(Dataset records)
■ ■ ■ ■ ■

(* Let $G$ be a connected groupoid with finite object set $G_0=\{e_1,\dots,e_r\}$, $A=\bigoplus_{i=1}^r A_i$ a unital ring with $A_i:=A_{e_i}\neq 0$ having identity $1_i$, and $\alpha=(A_g,\alpha_g)_{g\in G}$ a unital global action of $G$ on $A$. The following are equivalent: (i) $A\subset A\star_\alpha G$ is a separable extension; (ii) $G$ is finite and there exist $a\in C(A)$ and $k\in\{1,\dots,r\}$ such that $t_k(a)=1_k$.
   Context: A groupoid $G$ is a small category in which every morphism is invertible; $G_0$ is its object set (objects identified with identity morphisms), $s,t$ source and target; $gh$ is defined iff $s(g)=t(h)$; $G(e,f)$ is the set of morphisms from $e$ to $f$; $G$ is connected if $G(e,f)\neq\emptyset$ for all $e,f\in G_0$. A unital partial action of $G$ on $A$ is a family $\alpha=(A_g,\alpha_g)_{g\in G}$ where $A_{t(g)}$ is a two-sided ideal of $A$, $A_g=A1_g$ is a two-sided ideal of $A_{t(g)}$ with $1_g$ a central idempotent of $A$, $\alpha_g:A_{g^{-1}}\to A_g$ a ring isomorphism, such that $\alpha_e=\mathrm{id}_{A_e}$ for $e\in G_0$, $\alpha_h^{-1}(A_{g^{-1}}\cap A_h)\subseteq A_{(gh)^{-1}}$ and $\alpha_g(\alpha_h(x))=\alpha_{gh}(x)$ for $x\in\alpha_h^{-1}(A_{g^{-1}}\cap A_h)$, whenever $s(g)=t(h)$. It is global if $\alpha_g\alpha_h=\alpha_{gh}$ for all composable $g,h$; equivalently $A_g=A_{t(g)}$ for all $g\in G$. The skew groupoid ring $A\star_\alpha G=\bigoplus_{g\in G}A_g\delta_g$ has multiplication $(a_g\delta_g)(b_h\delta_h)=\alpha_g(\alpha_{g^{-1}}(a_g)b_h)\delta_{gh}$ if $s(g)=t(h)$ and $0$ otherwise; it is unital with $1=\sum_{e\in G_0}1_e\delta_e$, and $A$ is regarded as a subring via $a\mapsto\sum_{e\in G_0}(a1_e)\delta_e$. For finite $G$, trace maps: $t_{i,j}(a)=\sum_{g\in G(e_i,e_j)}\alpha_g(a1_{g^{-1}})$ and $t_j(a)=\sum_{i=1}^r t_{i,j}(a)$. $C(A)$ is the center of $A$. A ring extension $R\subseteq S$ is separable if the multiplication map $S\otimes_R S\to S$ splits as a map of $(S,S)$-bimodules; equivalently there exists $x\in S\otimes_R S$ with $m(x)=1_S$ and $sx=xs$ for all $s\in S$. *)

theory Defs
  imports Main "HOL-Library.FuncSet"
begin

record 'g groupoid =
  mor  :: "'g set"
  src  :: "'g \<Rightarrow> 'g"
  tgt  :: "'g \<Rightarrow> 'g"
  comp :: "'g \<Rightarrow> 'g \<Rightarrow> 'g"

definition groupoid :: "('g, 'x) groupoid_scheme \<Rightarrow> bool" where
  "groupoid G \<longleftrightarrow>
     (\<forall>g\<in>mor G. src G g \<in> mor G \<and> tgt G g \<in> mor G \<and>
        src G (src G g) = src G g \<and> tgt G (src G g) = src G g \<and>
        src G (tgt G g) = tgt G g \<and> tgt G (tgt G g) = tgt G g) \<and>
     (\<forall>g\<in>mor G. \<forall>h\<in>mor G. src G g = tgt G h \<longrightarrow>
        comp G g h \<in> mor G \<and> src G (comp G g h) = src G h \<and> tgt G (comp G g h) = tgt G g) \<and>
     (\<forall>f\<in>mor G. \<forall>g\<in>mor G. \<forall>h\<in>mor G. src G f = tgt G g \<and> src G g = tgt G h \<longrightarrow>
        comp G (comp G f g) h = comp G f (comp G g h)) \<and>
     (\<forall>g\<in>mor G. comp G (tgt G g) g = g \<and> comp G g (src G g) = g) \<and>
     (\<forall>g\<in>mor G. \<exists>h\<in>mor G. src G h = tgt G g \<and> tgt G h = src G g \<and>
        comp G g h = tgt G g \<and> comp G h g = src G g)"

text \<open>The object set G_0 (objects = identity morphisms).\<close>
definition objs :: "('g, 'x) groupoid_scheme \<Rightarrow> 'g set" where
  "objs G = src G ` mor G"

definition hom :: "('g, 'x) groupoid_scheme \<Rightarrow> 'g \<Rightarrow> 'g \<Rightarrow> 'g set" where
  "hom G e f = {g \<in> mor G. src G g = e \<and> tgt G g = f}"

definition connected_groupoid :: "('g, 'x) groupoid_scheme \<Rightarrow> bool" where
  "connected_groupoid G \<longleftrightarrow> (\<forall>e\<in>objs G. \<forall>f\<in>objs G. hom G e f \<noteq> {})"

definition ginv :: "('g, 'x) groupoid_scheme \<Rightarrow> 'g \<Rightarrow> 'g" where
  "ginv G g = (SOME h. h \<in> mor G \<and> src G h = tgt G g \<and> tgt G h = src G g \<and>
                 comp G g h = tgt G g \<and> comp G h g = src G g)"

text \<open>\<iota> e is the central idempotent 1_e; the ideal A_e = A 1_e.\<close>
definition ideal_at :: "('g \<Rightarrow> 'a::ring_1) \<Rightarrow> 'g \<Rightarrow> 'a set" where
  "ideal_at \<iota> e = range (\<lambda>a. a * \<iota> e)"

definition center :: "'a::ring_1 set" where
  "center = {a. \<forall>b. a * b = b * a}"

definition direct_sum_decomp :: "('g, 'x) groupoid_scheme \<Rightarrow> ('g \<Rightarrow> 'a::ring_1) \<Rightarrow> bool" where
  "direct_sum_decomp G \<iota> \<longleftrightarrow>
     (\<forall>a. \<exists>!f. f \<in> (\<Pi>\<^sub>E e\<in>objs G. ideal_at \<iota> e) \<and> a = (\<Sum>e\<in>objs G. f e))"

text \<open>Unital global action: A_g = A_{t(g)} = A 1_{t(g)}, with 1_e central idempotents,
  alpha_g : A_{g^-1} = A_{s(g)} \<rightarrow> A_g = A_{t(g)} a ring isomorphism, alpha_e = id,
  alpha_g alpha_h = alpha_{gh}.\<close>
definition global_action ::
    "('g, 'x) groupoid_scheme \<Rightarrow> ('g \<Rightarrow> 'a::ring_1) \<Rightarrow> ('g \<Rightarrow> 'a \<Rightarrow> 'a) \<Rightarrow> bool" where
  "global_action G \<iota> \<alpha> \<longleftrightarrow>
     (\<forall>e\<in>objs G. \<iota> e * \<iota> e = \<iota> e \<and> \<iota> e \<in> center) \<and>
     (\<forall>g\<in>mor G. bij_betw (\<alpha> g) (ideal_at \<iota> (src G g)) (ideal_at \<iota> (tgt G g)) \<and>
        (\<forall>x\<in>ideal_at \<iota> (src G g). \<forall>y\<in>ideal_at \<iota> (src G g).
           \<alpha> g (x + y) = \<alpha> g x + \<alpha> g y \<and> \<alpha> g (x * y) = \<alpha> g x * \<alpha> g y)) \<and>
     (\<forall>e\<in>objs G. \<forall>x\<in>ideal_at \<iota> e. \<alpha> e x = x) \<and>
     (\<forall>g\<in>mor G. \<forall>h\<in>mor G. src G g = tgt G h \<longrightarrow>
        (\<forall>x\<in>ideal_at \<iota> (src G h). \<alpha> g (\<alpha> h x) = \<alpha> (comp G g h) x))"

section \<open>Trace maps (global case: 1_{g^-1} = 1_{s(g)})\<close>

definition trace_ij ::
    "('g, 'x) groupoid_scheme \<Rightarrow> ('g \<Rightarrow> 'a::ring_1) \<Rightarrow> ('g \<Rightarrow> 'a \<Rightarrow> 'a) \<Rightarrow> 'g \<Rightarrow> 'g \<Rightarrow> 'a \<Rightarrow> 'a" where
  "trace_ij G \<iota> \<alpha> ei ej a = (\<Sum>g\<in>hom G ei ej. \<alpha> g (a * \<iota> (src G g)))"

definition trace_j ::
    "('g, 'x) groupoid_scheme \<Rightarrow> ('g \<Rightarrow> 'a::ring_1) \<Rightarrow> ('g \<Rightarrow> 'a \<Rightarrow> 'a) \<Rightarrow> 'g \<Rightarrow> 'a \<Rightarrow> 'a" where
  "trace_j G \<iota> \<alpha> ej a = (\<Sum>ei\<in>objs G. trace_ij G \<iota> \<alpha> ei ej a)"

section \<open>The skew groupoid ring, as finitely supported functions g \<mapsto> a_g \<in> A_g\<close>

definition skew_carrier :: "('g, 'x) groupoid_scheme \<Rightarrow> ('g \<Rightarrow> 'a::ring_1) \<Rightarrow> ('g \<Rightarrow> 'a) set" where
  "skew_carrier G \<iota> = {u. (\<forall>g. g \<notin> mor G \<longrightarrow> u g = 0) \<and> finite {g. u g \<noteq> 0} \<and>
                          (\<forall>g\<in>mor G. u g \<in> ideal_at \<iota> (tgt G g))}"

definition skew_add :: "('g \<Rightarrow> 'a::ring_1) \<Rightarrow> ('g \<Rightarrow> 'a) \<Rightarrow> ('g \<Rightarrow> 'a)" where
  "skew_add u v = (\<lambda>g. u g + v g)"

text \<open>(a_g delta_g)(b_h delta_h) = alpha_g(alpha_{g^-1}(a_g) b_h) delta_{gh} if s(g)=t(h), else 0.\<close>
definition skew_mult ::
    "('g, 'x) groupoid_scheme \<Rightarrow> ('g \<Rightarrow> 'a::ring_1 \<Rightarrow> 'a) \<Rightarrow> ('g \<Rightarrow> 'a) \<Rightarrow> ('g \<Rightarrow> 'a) \<Rightarrow> ('g \<Rightarrow> 'a)" where
  "skew_mult G \<alpha> u v = (\<lambda>k. \<Sum>p\<in>{(g, h). g \<in> mor G \<and> h \<in> mor G \<and> u g \<noteq> 0 \<and> v h \<noteq> 0 \<and>
                                       src G g = tgt G h \<and> comp G g h = k}.
        \<alpha> (fst p) (\<alpha> (ginv G (fst p)) (u (fst p)) * v (snd p)))"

■ ■ ■ ■ ■

From the records above, print only the lines between the one holding "(\<forall>g\<in>mor G. \<exists>h\<in>mor" and the one holding "text \<open>\<iota> e", inclusive, exactly as they stand.

     (\<forall>g\<in>mor G. \<exists>h\<in>mor G. src G h = tgt G g \<and> tgt G h = src G g \<and>
        comp G g h = tgt G g \<and> comp G h g = src G g)"

text \<open>The object set G_0 (objects = identity morphisms).\<close>
definition objs :: "('g, 'x) groupoid_scheme \<Rightarrow> 'g set" where
  "objs G = src G ` mor G"

definition hom :: "('g, 'x) groupoid_scheme \<Rightarrow> 'g \<Rightarrow> 'g \<Rightarrow> 'g set" where
  "hom G e f = {g \<in> mor G. src G g = e \<and> tgt G g = f}"

definition connected_groupoid :: "('g, 'x) groupoid_scheme \<Rightarrow> bool" where
  "connected_groupoid G \<longleftrightarrow> (\<forall>e\<in>objs G. \<forall>f\<in>objs G. hom G e f \<noteq> {})"

definition ginv :: "('g, 'x) groupoid_scheme \<Rightarrow> 'g \<Rightarrow> 'g" where
  "ginv G g = (SOME h. h \<in> mor G \<and> src G h = tgt G g \<and> tgt G h = src G g \<and>
                 comp G g h = tgt G g \<and> comp G h g = src G g)"

text \<open>\<iota> e is the central idempotent 1_e; the ideal A_e = A 1_e.\<close>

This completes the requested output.